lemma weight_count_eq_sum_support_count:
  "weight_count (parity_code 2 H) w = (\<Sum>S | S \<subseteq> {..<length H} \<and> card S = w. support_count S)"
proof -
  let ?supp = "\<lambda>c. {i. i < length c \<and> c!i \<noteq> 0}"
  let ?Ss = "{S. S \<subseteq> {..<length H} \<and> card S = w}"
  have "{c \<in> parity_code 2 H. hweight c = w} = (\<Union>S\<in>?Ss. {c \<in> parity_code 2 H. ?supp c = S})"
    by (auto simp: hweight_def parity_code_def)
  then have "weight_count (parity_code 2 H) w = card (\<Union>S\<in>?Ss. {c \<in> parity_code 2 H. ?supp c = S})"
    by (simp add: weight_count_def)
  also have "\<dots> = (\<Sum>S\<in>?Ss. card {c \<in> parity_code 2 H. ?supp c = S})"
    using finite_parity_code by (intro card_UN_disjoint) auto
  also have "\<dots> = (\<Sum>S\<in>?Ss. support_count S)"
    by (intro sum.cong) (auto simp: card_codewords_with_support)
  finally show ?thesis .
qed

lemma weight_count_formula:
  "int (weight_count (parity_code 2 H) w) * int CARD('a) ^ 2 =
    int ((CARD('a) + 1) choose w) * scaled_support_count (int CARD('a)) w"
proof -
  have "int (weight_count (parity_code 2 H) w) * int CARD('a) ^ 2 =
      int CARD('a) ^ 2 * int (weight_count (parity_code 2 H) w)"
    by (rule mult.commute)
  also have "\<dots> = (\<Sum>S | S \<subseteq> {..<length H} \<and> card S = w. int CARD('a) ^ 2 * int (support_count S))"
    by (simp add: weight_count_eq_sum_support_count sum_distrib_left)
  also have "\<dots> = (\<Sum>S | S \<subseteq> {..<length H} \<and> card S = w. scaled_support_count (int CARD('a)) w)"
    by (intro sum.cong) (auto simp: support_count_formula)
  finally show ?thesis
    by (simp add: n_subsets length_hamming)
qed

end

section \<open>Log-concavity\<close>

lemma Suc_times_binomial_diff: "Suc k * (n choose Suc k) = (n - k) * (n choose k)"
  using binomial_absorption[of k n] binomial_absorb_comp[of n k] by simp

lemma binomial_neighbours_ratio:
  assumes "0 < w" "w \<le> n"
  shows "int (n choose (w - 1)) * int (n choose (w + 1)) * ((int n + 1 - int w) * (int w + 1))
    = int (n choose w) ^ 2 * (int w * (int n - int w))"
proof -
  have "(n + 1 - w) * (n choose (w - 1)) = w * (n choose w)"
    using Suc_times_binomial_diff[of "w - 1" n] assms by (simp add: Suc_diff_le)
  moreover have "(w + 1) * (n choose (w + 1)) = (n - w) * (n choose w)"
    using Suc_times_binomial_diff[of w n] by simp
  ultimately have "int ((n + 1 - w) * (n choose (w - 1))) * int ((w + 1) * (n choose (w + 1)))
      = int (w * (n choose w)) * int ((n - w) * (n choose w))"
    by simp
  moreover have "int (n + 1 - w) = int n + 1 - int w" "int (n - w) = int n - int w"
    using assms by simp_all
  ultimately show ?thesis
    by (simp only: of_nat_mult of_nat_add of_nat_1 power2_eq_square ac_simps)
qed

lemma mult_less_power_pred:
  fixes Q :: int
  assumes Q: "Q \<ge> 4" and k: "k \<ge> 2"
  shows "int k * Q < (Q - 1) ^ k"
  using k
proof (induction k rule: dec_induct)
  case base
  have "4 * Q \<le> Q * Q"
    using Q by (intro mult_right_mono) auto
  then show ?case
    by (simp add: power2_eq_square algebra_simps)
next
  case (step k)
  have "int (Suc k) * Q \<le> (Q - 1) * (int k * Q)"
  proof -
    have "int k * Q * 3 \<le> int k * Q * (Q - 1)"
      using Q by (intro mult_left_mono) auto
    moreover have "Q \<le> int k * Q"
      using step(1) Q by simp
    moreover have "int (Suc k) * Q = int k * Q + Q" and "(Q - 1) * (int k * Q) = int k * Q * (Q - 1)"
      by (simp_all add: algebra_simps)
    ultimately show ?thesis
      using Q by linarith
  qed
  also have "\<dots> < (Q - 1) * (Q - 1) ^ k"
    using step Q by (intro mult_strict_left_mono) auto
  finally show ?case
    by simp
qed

Exercise prompt: The whole of the data is to be copied out word for word.

Written answer:
lemma weight_count_eq_sum_support_count:
  "weight_count (parity_code 2 H) w = (\<Sum>S | S \<subseteq> {..<length H} \<and> card S = w. support_count S)"
proof -
  let ?supp = "\<lambda>c. {i. i < length c \<and> c!i \<noteq> 0}"
  let ?Ss = "{S. S \<subseteq> {..<length H} \<and> card S = w}"
  have "{c \<in> parity_code 2 H. hweight c = w} = (\<Union>S\<in>?Ss. {c \<in> parity_code 2 H. ?supp c = S})"
    by (auto simp: hweight_def parity_code_def)
  then have "weight_count (parity_code 2 H) w = card (\<Union>S\<in>?Ss. {c \<in> parity_code 2 H. ?supp c = S})"
    by (simp add: weight_count_def)
  also have "\<dots> = (\<Sum>S\<in>?Ss. card {c \<in> parity_code 2 H. ?supp c = S})"
    using finite_parity_code by (intro card_UN_disjoint) auto
  also have "\<dots> = (\<Sum>S\<in>?Ss. support_count S)"
    by (intro sum.cong) (auto simp: card_codewords_with_support)
  finally show ?thesis .
qed

lemma weight_count_formula:
  "int (weight_count (parity_code 2 H) w) * int CARD('a) ^ 2 =
    int ((CARD('a) + 1) choose w) * scaled_support_count (int CARD('a)) w"
proof -
  have "int (weight_count (parity_code 2 H) w) * int CARD('a) ^ 2 =
      int CARD('a) ^ 2 * int (weight_count (parity_code 2 H) w)"
    by (rule mult.commute)
  also have "\<dots> = (\<Sum>S | S \<subseteq> {..<length H} \<and> card S = w. int CARD('a) ^ 2 * int (support_count S))"
    by (simp add: weight_count_eq_sum_support_count sum_distrib_left)
  also have "\<dots> = (\<Sum>S | S \<subseteq> {..<length H} \<and> card S = w. scaled_support_count (int CARD('a)) w)"
    by (intro sum.cong) (auto simp: support_count_formula)
  finally show ?thesis
    by (simp add: n_subsets length_hamming)
qed

end

section \<open>Log-concavity\<close>

lemma Suc_times_binomial_diff: "Suc k * (n choose Suc k) = (n - k) * (n choose k)"
  using binomial_absorption[of k n] binomial_absorb_comp[of n k] by simp

lemma binomial_neighbours_ratio:
  assumes "0 < w" "w \<le> n"
  shows "int (n choose (w - 1)) * int (n choose (w + 1)) * ((int n + 1 - int w) * (int w + 1))
    = int (n choose w) ^ 2 * (int w * (int n - int w))"
proof -
  have "(n + 1 - w) * (n choose (w - 1)) = w * (n choose w)"
    using Suc_times_binomial_diff[of "w - 1" n] assms by (simp add: Suc_diff_le)
  moreover have "(w + 1) * (n choose (w + 1)) = (n - w) * (n choose w)"
    using Suc_times_binomial_diff[of w n] by simp
  ultimately have "int ((n + 1 - w) * (n choose (w - 1))) * int ((w + 1) * (n choose (w + 1)))
      = int (w * (n choose w)) * int ((n - w) * (n choose w))"
    by simp
  moreover have "int (n + 1 - w) = int n + 1 - int w" "int (n - w) = int n - int w"
    using assms by simp_all
  ultimately show ?thesis
    by (simp only: of_nat_mult of_nat_add of_nat_1 power2_eq_square ac_simps)
qed

lemma mult_less_power_pred:
  fixes Q :: int
  assumes Q: "Q \<ge> 4" and k: "k \<ge> 2"
  shows "int k * Q < (Q - 1) ^ k"
  using k
proof (induction k rule: dec_induct)
  case base
  have "4 * Q \<le> Q * Q"
    using Q by (intro mult_right_mono) auto
  then show ?case
    by (simp add: power2_eq_square algebra_simps)
next
  case (step k)
  have "int (Suc k) * Q \<le> (Q - 1) * (int k * Q)"
  proof -
    have "int k * Q * 3 \<le> int k * Q * (Q - 1)"
      using Q by (intro mult_left_mono) auto
    moreover have "Q \<le> int k * Q"
      using step(1) Q by simp
    moreover have "int (Suc k) * Q = int k * Q + Q" and "(Q - 1) * (int k * Q) = int k * Q * (Q - 1)"
      by (simp_all add: algebra_simps)
    ultimately show ?thesis
      using Q by linarith
  qed
  also have "\<dots> < (Q - 1) * (Q - 1) ^ k"
    using step Q by (intro mult_strict_left_mono) auto
  finally show ?case
    by simp
qed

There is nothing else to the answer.